Device set to use cpu


[{'label': 'POSITIVE', 'score': 0.9998714923858643},
 {'label': 'NEGATIVE', 'score': 0.9997186064720154}]

In [14]:
# Fill-mask
mlm = pipeline('fill-mask', model='bert-base-uncased', device_map='auto')
mlm('Paris is the [MASK] of France.')


Some weights of the model checkpoint at bert-base-uncased were not used when initializing BertForMaskedLM: ['bert.pooler.dense.bias', 'bert.pooler.dense.weight', 'cls.seq_relationship.bias', 'cls.seq_relationship.weight']
- This IS expected if you are initializing BertForMaskedLM from the checkpoint of a model trained on another task or with another architecture (e.g. initializing a BertForSequenceClassification model from a BertForPreTraining model).
- This IS NOT expected if you are initializing BertForMaskedLM from the checkpoint of a model that you expect to be exactly identical (initializing a BertForSequenceClassification model from a BertForSequenceClassification model).
Device set to use cpu


[{'score': 0.9969370365142822,
  'token': 3007,
  'token_str': 'capital',
  'sequence': 'paris is the capital of france.'},
 {'score': 0.0005914855282753706,
  'token': 2540,
  'token_str': 'heart',
  'sequence': 'paris is the heart of france.'},
 {'score': 0.0004378748417366296,
  'token': 2415,
  'token_str': 'center',
  'sequence': 'paris is the center of france.'},
 {'score': 0.0003378352848812938,
  'token': 2803,
  'token_str': 'centre',
  'sequence': 'paris is the centre of france.'},
 {'score': 0.00026995810912922025,
  'token': 2103,
  'token_str': 'city',
  'sequence': 'paris is the city of france.'}]

In [15]:
# Text generation (small model for speed)
gen = pipeline('text-generation', model='gpt2', device_map='auto')
gen('Once upon a time', max_new_tokens=40, do_sample=True, temperature=0.8)

Device set to use cpu
Setting `pad_token_id` to `eos_token_id`:50256 for open-end generation.
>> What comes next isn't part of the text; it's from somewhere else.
(* Let $K\ge 1$ be an integer, $\epsilon>0$, and $\tau_r> 0$. Let $\mathbf{s}=(s_0,\dots,s_{K-1})\in\mathbb{C}^K$ be a fixed (deterministic) vector, and let $\mathbf{d}=\mathbf{s}+\boldsymbol{\xi}$, where $\boldsymbol{\xi}=(\xi_0,\dots,\xi_{K-1})$ is a random vector whose $2K$ real components $\Re\xi_0,\dots,\Re\xi_{K-1},\Im\xi_0,\dots,\Im\xi_{K-1}$ are independent with each $\sim\mathcal{N}(0,\epsilon^2)$ (mean $0$, standard deviation $\epsilon$). For $\mathbf{x}\in\mathbb{C}^K$ define the DFT $\widehat{x}_k=\sum_{j=0}^{K-1}x_j e^{-2\pi i jk/K}$, with inverse $x_k=\frac1K\sum_{j=0}^{K-1}\widehat{x}_j e^{2\pi i jk/K}$. Define the denoised vector $\mathbf{r}\in\mathbb{C}^K$ by $\widehat{r}_k=\widehat{d}_k$ if $|\widehat{d}_k|\ge\tau_r$ and $\widehat{r}_k=0$ otherwise, and $\mathbf{r}$ the inverse DFT of $\widehat{\mathbf{r}}$. Then $$\frac1K\,\mathbb{E}\big[\|\mathbf{r}-\mathbf{s}\|_2^2\big]\le 2\epsilon^2\,G(\tau_r,K,\epsilon,\mathbf{s}),$$ where, with $q(z)=e^{-z}(1+z)$, $\mathbb{I}$ denoting indicator functions and $\operatorname{Erf}(z)=\frac{2}{\sqrt\pi}\int_0^z e^{-t^2}dt$, $$G(\tau_r,K,\epsilon,\mathbf{s})=\frac1K\sum_{k=0}^{K-1}\Big[\mathbb{I}_{\tau_r\ge|\widehat{s}_k|}\,q\Big(\frac{(\tau_r-|\widehat{s}_k|)^2}{2\epsilon^2K}\Big)+\mathbb{I}_{\tau_r<|\widehat{s}_k|}\Big]$$ $$+\frac{1}{2K\epsilon^2}\sum_{k=0}^{K-1}\frac{|\widehat{s}_k|^2}{4K}\Big[\operatorname{Erf}\Big(\tfrac{-\Re\widehat{s}_k+\tau_r}{\sqrt{2\epsilon^2K}}\Big)-\operatorname{Erf}\Big(\tfrac{-\Re\widehat{s}_k-\tau_r}{\sqrt{2\epsilon^2K}}\Big)\Big]\Big[\operatorname{Erf}\Big(\tfrac{-\Im\widehat{s}_k+\tau_r}{\sqrt{2\epsilon^2K}}\Big)-\operatorname{Erf}\Big(\tfrac{-\Im\widehat{s}_k-\tau_r}{\sqrt{2\epsilon^2K}}\Big)\Big].$$
   Context: $\|\mathbf{x}\|_2=(\sum_k|x_k|^2)^{1/2}$ is the Euclidean norm on $\mathbb{C}^K$. The vector $\mathbf{s}$ models a noiseless signal, $\mathbf{d}$ the noisy data, and $\mathbf{r}$ the Fourier hard-thresholded (denoised) reconstruction with threshold $\tau_r$; $\widehat{s}_k,\widehat{d}_k$ are the DFT coefficients of $\mathbf{s},\mathbf{d}$ under the stated convention. *)

theory Defs
  imports "HOL-Probability.Probability"
begin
[{'generated_text': 'Once upon a time, it was thought that even at the age of five, it would be hard to see a girl as attractive as you. But then, at thirteen, you were able to get to know her for'}]

### Exercise
Use the version of gpt2 that was committed on Nov23, 20022, on Huggingface for the example above. 

In [16]:
# Text generation avec une version spécifique de GPT-2
gen = pipeline('text-generation', 
               model='gpt2', 
               revision='b5a36b5b5c5b5a5a5e5d5c5b5a59585756555453',  # Remplacez par le hash réel du 23/11/2022
               device_map='auto')
gen('Once upon a time', max_new_tokens=40, do_sample=True, temperature=0.8)

ValueError: Could not load model gpt2 with any of the following classes: (<class 'transformers.models.auto.modeling_auto.AutoModelForCausalLM'>,). See the original errors:

while loading with AutoModelForCausalLM, an error is thrown:
Traceback (most recent call last):
  File "/home/administrateur/.local/lib/python3.10/site-packages/transformers/pipelines/base.py", line 293, in infer_framework_load_model
    model = model_class.from_pretrained(model, **kwargs)
  File "/home/administrateur/.local/lib/python3.10/site-packages/transformers/models/auto/auto_factory.py", line 604, in from_pretrained
    return model_class.from_pretrained(
  File "/home/administrateur/.local/lib/python3.10/site-packages/transformers/modeling_utils.py", line 277, in _wrapper
    return func(*args, **kwargs)
  File "/home/administrateur/.local/lib/python3.10/site-packages/transformers/modeling_utils.py", line 4900, in from_pretrained
    checkpoint_files, sharded_metadata = _get_resolved_checkpoint_files(
  File "/home/administrateur/.local/lib/python3.10/site-packages/transformers/modeling_utils.py", line 1148, in _get_resolved_checkpoint_files
    raise OSError(
OSError: gpt2 does not appear to have a file named pytorch_model.bin, model.safetensors, tf_model.h5, model.ckpt or flax_model.msgpack.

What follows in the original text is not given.